Tribunal Administratif de Toulon — Décision N° TA83-2102800

jeudi 21 mars 2024

JuridictionTribunal Administratif de Toulon
SectionTribunal Administratif de Toulon
N° DossierTA83-2102800
TypeDécision
RecoursPlein contentieux
PublicationC
Formation3ème chambre
Avocat requérantMAILLIET WOZNIAK

Texte intégral

Vu la procédure suivante :

Par une requête, enregistrée 13 octobre 2021, le syndicat des copropriétaires de l'immeuble " le Palais de la Rade ", représenté par Me Mailliet-Wozniak, demande au tribunal :

1°) de condamner l'Etat à lui verser la somme totale de 128 664,25 euros, en réparation des dommages apparus sur leur immeuble à la suite des festivités organisées le 1er juin 2014 pour célébrer les victoires du Rugby club toulonnais ;

2°) de mettre à la charge de l'Etat la somme de 4 500 euros sur le fondement de l'article L. 761-1 du code de justice administrative.

Il soutient que :

- la responsabilité sans faute de l'Etat doit être engagée sur le fondement de l'article L. 211-10 du code de sécurité intérieure, dès lors que les dommages causés à la structure de l'immeuble " le Palais de la Rade " sont la conséquence directe des festivités organisées le 1er juin 2014, à l'occasion desquelles un attroupement d'individus s'est séparé du cortège pour pénétrer illégalement au sein de l'immeuble " le Palais de la Rade " et se positionner sur les coursives ;

- la commune de Toulon l'a indemnisé des travaux de réparation de la serrure de la porte d'entrée, ce qui démontre une reconnaissance de responsabilité de la part de l'Etat ;

- à titre subsidiaire, la responsabilité pour faute lourde de l'Etat doit être retenue, pour carence de ce dernier dans l'exercice de ses pouvoirs de police ;

- il doit être indemnisé du coût des travaux de reprise et de celui de la location des étais depuis 2014.

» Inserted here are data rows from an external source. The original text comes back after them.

(* Consider the system \[ \begin{aligned} \dot S_h(t)&=\beta_h-C_{vh}\frac{I_v(t)}{N_v(t)}S_h(t)-\mu_hS_h(t),\\ \dot I_h(t)&=C_{vh}\frac{I_v(t-\tau)}{N_v(t-\tau)}S_h(t-\tau)-\mu_hI_h(t),\\ \dot S_v(t)&=\beta_v-C_{hv}I_h(t)S_v(t)-\mu_vS_v(t),\\ \dot I_v(t)&=C_{hv}I_h(t)S_v(t)-\mu_vI_v(t), \end{aligned} \] with $N_v=S_v+I_v$ and positive parameters $\beta_h,\beta_v,\mu_h,\mu_v,C_{vh},C_{hv}$. Let $E^0=(\beta_h/\mu_h,0,\beta_v/\mu_v,0)^T$ be its disease-free equilibrium and $R_0=\sqrt{C_{vh}C_{hv}\beta_h/(\mu_h^2\mu_v)}$. Then for any $\tau\ge0$, $E^0$ is locally asymptotically stable if $R_0<1$ and unstable if $R_0>1$.
   Context: The phase space is $C_+=\{\varphi\in C([-\tau,0],\mathbb{R}_+^4):\varphi_3(\theta)+\varphi_4(\theta)>0\ \forall\theta\in[-\tau,0]\}$ with the sup-norm. *)

theory Defs
  imports "HOL-Analysis.Analysis"
begin

text \<open>A solution of the delay system on [-tau, infinity) is given by four component functions.
  Its restriction to [-tau,0] is the initial history phi; the solution must be continuous
  on [-tau, infinity), keep N_v = S_v + I_v positive (so the right-hand side is defined), and
  satisfy the equations for t \<ge> 0 (right derivative at t = 0).\<close>

definition dde_solution ::
  "real \<Rightarrow> real \<Rightarrow> real \<Rightarrow> real \<Rightarrow> real \<Rightarrow> real \<Rightarrow> real \<Rightarrow>
   (real \<Rightarrow> real) \<Rightarrow> (real \<Rightarrow> real) \<Rightarrow> (real \<Rightarrow> real) \<Rightarrow> (real \<Rightarrow> real) \<Rightarrow> bool" where
  "dde_solution bh bv mh mv cvh chv tau Sh Ih Sv Iv \<longleftrightarrow>
     continuous_on {-tau..} Sh \<and> continuous_on {-tau..} Ih \<and>
     continuous_on {-tau..} Sv \<and> continuous_on {-tau..} Iv \<and>
     (\<forall>t \<ge> -tau. Sv t + Iv t > 0) \<and>
     (\<forall>t \<ge> 0.
        (Sh has_real_derivative
           (bh - cvh * (Iv t / (Sv t + Iv t)) * Sh t - mh * Sh t)) (at t within {0..}) \<and>
        (Ih has_real_derivative
           (cvh * (Iv (t - tau) / (Sv (t - tau) + Iv (t - tau))) * Sh (t - tau) - mh * Ih t))
           (at t within {0..}) \<and>
        (Sv has_real_derivative (bv - chv * Ih t * Sv t - mv * Sv t)) (at t within {0..}) \<and>
        (Iv has_real_derivative (chv * Ih t * Sv t - mv * Iv t)) (at t within {0..}))"

definition history_in_Cplus ::
  "real \<Rightarrow> (real \<Rightarrow> real) \<Rightarrow> (real \<Rightarrow> real) \<Rightarrow> (real \<Rightarrow> real) \<Rightarrow> (real \<Rightarrow> real) \<Rightarrow> bool" where
  "history_in_Cplus tau Sh Ih Sv Iv \<longleftrightarrow>
     (\<forall>\<theta>\<in>{-tau..0}. Sh \<theta> \<ge> 0 \<and> Ih \<theta> \<ge> 0 \<and> Sv \<theta> \<ge> 0 \<and> Iv \<theta> \<ge> 0 \<and> Sv \<theta> + Iv \<theta> > 0)"

definition dev ::
  "real \<Rightarrow> real \<Rightarrow> real \<Rightarrow> real \<Rightarrow>
   (real \<Rightarrow> real) \<Rightarrow> (real \<Rightarrow> real) \<Rightarrow> (real \<Rightarrow> real) \<Rightarrow> (real \<Rightarrow> real) \<Rightarrow> real \<Rightarrow> real" where
  "dev bh bv mh mv Sh Ih Sv Iv t =
     max (max \<bar>Sh t - bh / mh\<bar> \<bar>Ih t\<bar>) (max \<bar>Sv t - bv / mv\<bar> \<bar>Iv t\<bar>)"

definition E0_stable ::
  "real \<Rightarrow> real \<Rightarrow> real \<Rightarrow> real \<Rightarrow> real \<Rightarrow> real \<Rightarrow> real \<Rightarrow> bool" where
  "E0_stable bh bv mh mv cvh chv tau \<longleftrightarrow>
     (\<forall>\<epsilon>>0. \<exists>\<delta>>0. \<forall>Sh Ih Sv Iv.
        dde_solution bh bv mh mv cvh chv tau Sh Ih Sv Iv \<and> history_in_Cplus tau Sh Ih Sv Iv \<and>
        (\<forall>\<theta>\<in>{-tau..0}. dev bh bv mh mv Sh Ih Sv Iv \<theta> < \<delta>)
        \<longrightarrow> (\<forall>t\<ge>0. dev bh bv mh mv Sh Ih Sv Iv t < \<epsilon>))"

definition E0_attractive ::
  "real \<Rightarrow> real \<Rightarrow> real \<Rightarrow> real \<Rightarrow> real \<Rightarrow> real \<Rightarrow> real \<Rightarrow> bool" where
  "E0_attractive bh bv mh mv cvh chv tau \<longleftrightarrow>
     (\<exists>\<delta>>0. \<forall>Sh Ih Sv Iv.
        dde_solution bh bv mh mv cvh chv tau Sh Ih Sv Iv \<and> history_in_Cplus tau Sh Ih Sv Iv \<and>
        (\<forall>\<theta>\<in>{-tau..0}. dev bh bv mh mv Sh Ih Sv Iv \<theta> < \<delta>)
        \<longrightarrow> ((\<lambda>t. dev bh bv mh mv Sh Ih Sv Iv t) \<longlongrightarrow> 0) at_top)"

Par un mémoire en défense, enregistré le 30 janvier 2023, le préfet du Var conclut au rejet de la requête.

Il soutient que les moyens invoqués ne sont pas fondés.

Vu :

- les autres pièces du dossier ;

- le rapport de l'expertise ordonnée en référé, déposé le 17 octobre 2019 ;

- l'ordonnance du 13 décembre 2019 par laquelle le magistrat désigné par le président du tribunal a liquidé et taxé les frais de l'expertise réalisée par M. A.

Vu :

- le code pénal ;

- le code de la sécurité intérieure ;

- le code de justice administrative.

Les parties ont été régulièrement averties du jour de l'audience.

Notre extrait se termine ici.